* [Problem]
In the listing below, the answer starts at the line that has "m * Suc ((n" and stops after the line that has "using assms(1) by (intro powr_mono) auto"; please repeat that part exactly and nothing more.

_____

lemma round_robin_is_NE:
  assumes "0 < m" "0 \<le> a"
  shows "is_NE m n (\<lambda>_. 1) (\<lambda>u t. first_round_base m u + a * t) id (\<lambda>u. u mod m)"
proof (rule is_NE_unit_speed_id_priority)
  show "profile m n (\<lambda>u. u mod m)"
    using assms(1) by (simp add: profile_def)
  show "mono (\<lambda>t. t + (first_round_base m u + a * t))" for u
    using assms(2) by (intro monoI) (simp add: mult_left_mono add_mono)
next
  fix i j assume "j < m"
  let ?load = "\<lambda>k. finish_time (\<lambda>u t. first_round_base m u + a * t) 0 (jobs_before (\<lambda>u. u mod m) k i)"
  show "?load (i mod m) \<le> ?load j"
  proof (cases "i < m")
    case True
    then show ?thesis
      using round_robin_load[OF \<open>j < m\<close>, of a i] round_robin_load[of "i mod m" m a i] assms
      by simp
  next
    case False
    then have "i mod m < i" "j < i"
      using \<open>j < m\<close> mod_less_divisor[OF assms(1), of i] by linarith+
    have "card {u. u < i \<and> u mod m = i mod m} \<le> card {u. u < i \<and> u mod m = j}"
      using card_own_residue_class[OF assms(1)] card_residue_class_ge[OF \<open>j < m\<close>] by simp
    then have "(1 + a) ^ (card {u. u < i \<and> u mod m = i mod m} - 1)
        \<le> (1 + a) ^ (card {u. u < i \<and> u mod m = j} - 1)"
      using assms(2) by (intro power_increasing) auto
    then show ?thesis
      using round_robin_load[OF \<open>j < m\<close>, of a i] round_robin_load[of "i mod m" m a i] assms
        \<open>i mod m < i\<close> \<open>j < i\<close> by simp
  qed
qed

lemma round_robin_compl_last:
  assumes "0 < m" "m < n"
  shows "compl n (\<lambda>_. 1) (\<lambda>u t. first_round_base m u + a * t) id (\<lambda>u. u mod m) (n - 1)
    = (1 + a) ^ ((n - 1) div m)"
proof -
  let ?i = "n - 1"
  have "0 < ?i div m"
    using assms by (simp add: div_greater_zero_iff)
  moreover have "?i mod m < ?i"
    using assms mod_less_divisor[of m ?i] by linarith
  moreover have "first_round_base m ?i = 0"
    using assms by (simp add: first_round_base_def)
  ultimately show ?thesis
    using assms round_robin_load[of "?i mod m" m a ?i] card_own_residue_class[OF assms(1), of ?i]
    by (simp add: compl_unit_speed_id_priority finish_time_snoc algebra_simps power_eq_if)
qed

lemma first_round_OPT_ge_1:
  assumes "0 < m" "0 < n"
  shows "1 \<le> OPT m n (\<lambda>_. 1) (\<lambda>u t. first_round_base m u + a * t) id"
proof (rule OPT_greatest[OF assms(1)])
  fix sig
  have "compl n (\<lambda>_. 1) (\<lambda>u t. first_round_base m u + a * t) id sig 0 = 1"
    using assms by (simp add: compl_unit_speed_id_priority jobs_before_def first_round_base_def)
  moreover have "compl n (\<lambda>_. 1) (\<lambda>u t. first_round_base m u + a * t) id sig 0
      \<le> makespan n (\<lambda>_. 1) (\<lambda>u t. first_round_base m u + a * t) id sig"
    by (rule compl_le_makespan[OF assms(2)])
  ultimately show "1 \<le> makespan n (\<lambda>_. 1) (\<lambda>u t. first_round_base m u + a * t) id sig"
    by simp
qed

lemma first_round_OPT_le:
  assumes "2 \<le> m" "0 < n" "0 \<le> a"
  shows "OPT m n (\<lambda>_. 1) (\<lambda>u t. first_round_base m u + a * t) id \<le> (2 + a) ^ m"
proof -
  let ?p = "\<lambda>u t. first_round_base m u + a * t"
  let ?split = "\<lambda>u. if u < m then 0 else 1 :: nat"
  have "compl n (\<lambda>_. 1) ?p id ?split i \<le> (2 + a) ^ m" if "i < n" for i
  proof (cases "i < m")
    case True
    then have "jobs_before ?split (?split i) i @ [i] = [0..<Suc i]"
      by (auto simp: jobs_before_def intro: filter_True)
    moreover have "finish_time ?p 0 [0..<Suc i] + 1 \<le> (2 + a) ^ Suc i"
      using finish_time_affine_le[OF assms(3), of 0 "[0..<Suc i]"] by (simp add: first_round_base_def)
    moreover have "(2 + a) ^ Suc i \<le> (2 + a) ^ m"
      using True assms(3) by (intro power_increasing) auto
    ultimately show ?thesis
      using \<open>i < n\<close> by (simp add: compl_unit_speed_id_priority)
  next
    case False
    then have "\<forall>u\<in>set (jobs_before ?split (?split i) i @ [i]). first_round_base m u = 0"
      by (auto simp: jobs_before_def first_round_base_def)
    then show ?thesis
      using \<open>i < n\<close> assms(3) by (simp add: compl_unit_speed_id_priority finish_time_affine_zero_base)
  qed
  then have "makespan n (\<lambda>_. 1) ?p id ?split \<le> (2 + a) ^ m"
    using makespan_le[OF assms(2)] by blast
  moreover have "profile m n ?split"
    using assms(1) by (simp add: profile_def)
  ultimately show ?thesis
    using OPT_le_makespan order_trans by blast
qed

lemma first_round_PoA_ge:
  assumes "2 \<le> m" "m < n" "0 \<le> a"
  shows "(1 + a) ^ ((n - 1) div m) / (2 + a) ^ m
    \<le> PoA m n (\<lambda>_. 1) (\<lambda>u t. first_round_base m u + a * t) id"
proof -
  let ?p = "\<lambda>u t. first_round_base m u + a * t"
  let ?round_robin = "\<lambda>u. u mod m"
  have "compl n (\<lambda>_. 1) ?p id ?round_robin (n - 1) \<le> makespan n (\<lambda>_. 1) ?p id ?round_robin"
    using assms by (intro compl_le_makespan) simp
  then have "(1 + a) ^ ((n - 1) div m) \<le> makespan n (\<lambda>_. 1) ?p id ?round_robin"
    using round_robin_compl_last[of m n a] assms by simp
  moreover have "1 \<le> OPT m n (\<lambda>_. 1) ?p id" "OPT m n (\<lambda>_. 1) ?p id \<le> (2 + a) ^ m"
    using first_round_OPT_ge_1 first_round_OPT_le assms by simp_all
  moreover have "0 \<le> (1 + a) ^ ((n - 1) div m)"
    using assms(3) by simp
  ultimately have "(1 + a) ^ ((n - 1) div m) / (2 + a) ^ m
      \<le> makespan n (\<lambda>_. 1) ?p id ?round_robin / OPT m n (\<lambda>_. 1) ?p id"
    by (intro frac_le) linarith+
  also have "\<dots> \<le> PoA m n (\<lambda>_. 1) ?p id"
    using assms by (intro makespan_div_OPT_le_PoA round_robin_is_NE) simp_all
  finally show ?thesis .
qed

lemma powr_div_le_power:
  fixes x :: real
  assumes "1 \<le> x" "0 < m"
  shows "x powr (real n / real m) \<le> x ^ Suc ((n - 1) div m)"
proof -
  have "n \<le> m * Suc ((n - 1) div m)"
    using dividend_less_times_div[OF assms(2), of "n - 1"] by simp
  then have "real n \<le> real m * real (Suc ((n - 1) div m))"
    by (metis of_nat_le_iff of_nat_mult)
  then have "real n / real m \<le> real (Suc ((n - 1) div m))"
    using assms(2) by (simp add: divide_le_eq mult.commute)
  then have "x powr (real n / real m) \<le> x powr real (Suc ((n - 1) div m))"
    using assms(1) by (intro powr_mono) auto
  also have "\<dots> = x ^ Suc ((n - 1) div m)"
    using assms(1) by (intro powr_realpow) simp
  finally show ?thesis .
qed

theorem theorem10:
  shows "\<forall>m::nat. m \<ge> 2 \<longrightarrow> (\<forall>a::real. a > 0 \<longrightarrow>
    (\<exists>c::real. c > 0 \<and> (\<forall>n::nat. n \<ge> 2 * m + 1 \<longrightarrow>
      (\<exists>(b :: nat \<Rightarrow> real) (pr :: nat \<Rightarrow> nat).
         (\<forall>i<n. b i \<ge> 0) \<and> bij_betw pr {..<n} {..<n} \<and>
         PoA m n (\<lambda>_. 1) (\<lambda>i t. b i + a * t) pr \<ge> c * (1 + a) powr (real n / real m)))))"
proof (intro allI impI)
  fix m :: nat and a :: real
  assume "m \<ge> 2" "a > 0"
  define c where "c = 1 / ((1 + a) * (2 + a) ^ m)"
  show "\<exists>c>0. \<forall>n\<ge>2 * m + 1. \<exists>b pr. (\<forall>i<n. b i \<ge> 0) \<and> bij_betw pr {..<n} {..<n} \<and>
      PoA m n (\<lambda>_. 1) (\<lambda>i t. b i + a * t) pr \<ge> c * (1 + a) powr (real n / real m)"
  proof (intro exI[of _ c] exI[of _ "first_round_base m"] exI[of _ id] conjI allI impI)
    show "c > 0"
      using \<open>a > 0\<close> by (simp add: c_def)
    fix n :: nat assume "n \<ge> 2 * m + 1"
    have "c * (1 + a) powr (real n / real m) \<le> c * (1 + a) ^ Suc ((n - 1) div m)"
      using powr_div_le_power[of "1 + a" m n] \<open>c > 0\<close> \<open>m \<ge> 2\<close> \<open>a > 0\<close> by (intro mult_left_mono) auto
    also have "\<dots> = (1 + a) ^ ((n - 1) div m) / (2 + a) ^ m"
      using \<open>a > 0\<close> by (simp add: c_def)
    also have "\<dots> \<le> PoA m n (\<lambda>_. 1) (\<lambda>i t. first_round_base m i + a * t) id"
      using first_round_PoA_ge \<open>m \<ge> 2\<close> \<open>n \<ge> 2 * m + 1\<close> \<open>a > 0\<close> by simp
    finally show "PoA m n (\<lambda>_. 1) (\<lambda>i t. first_round_base m i + a * t) id
        \<ge> c * (1 + a) powr (real n / real m)" .
  qed (simp_all add: first_round_base_def)
qed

_____

* [Finished exercise]
  have "n \<le> m * Suc ((n - 1) div m)"
    using dividend_less_times_div[OF assms(2), of "n - 1"] by simp
  then have "real n \<le> real m * real (Suc ((n - 1) div m))"
    by (metis of_nat_le_iff of_nat_mult)
  then have "real n / real m \<le> real (Suc ((n - 1) div m))"
    using assms(2) by (simp add: divide_le_eq mult.commute)
  then have "x powr (real n / real m) \<le> x powr real (Suc ((n - 1) div m))"
    using assms(1) by (intro powr_mono) auto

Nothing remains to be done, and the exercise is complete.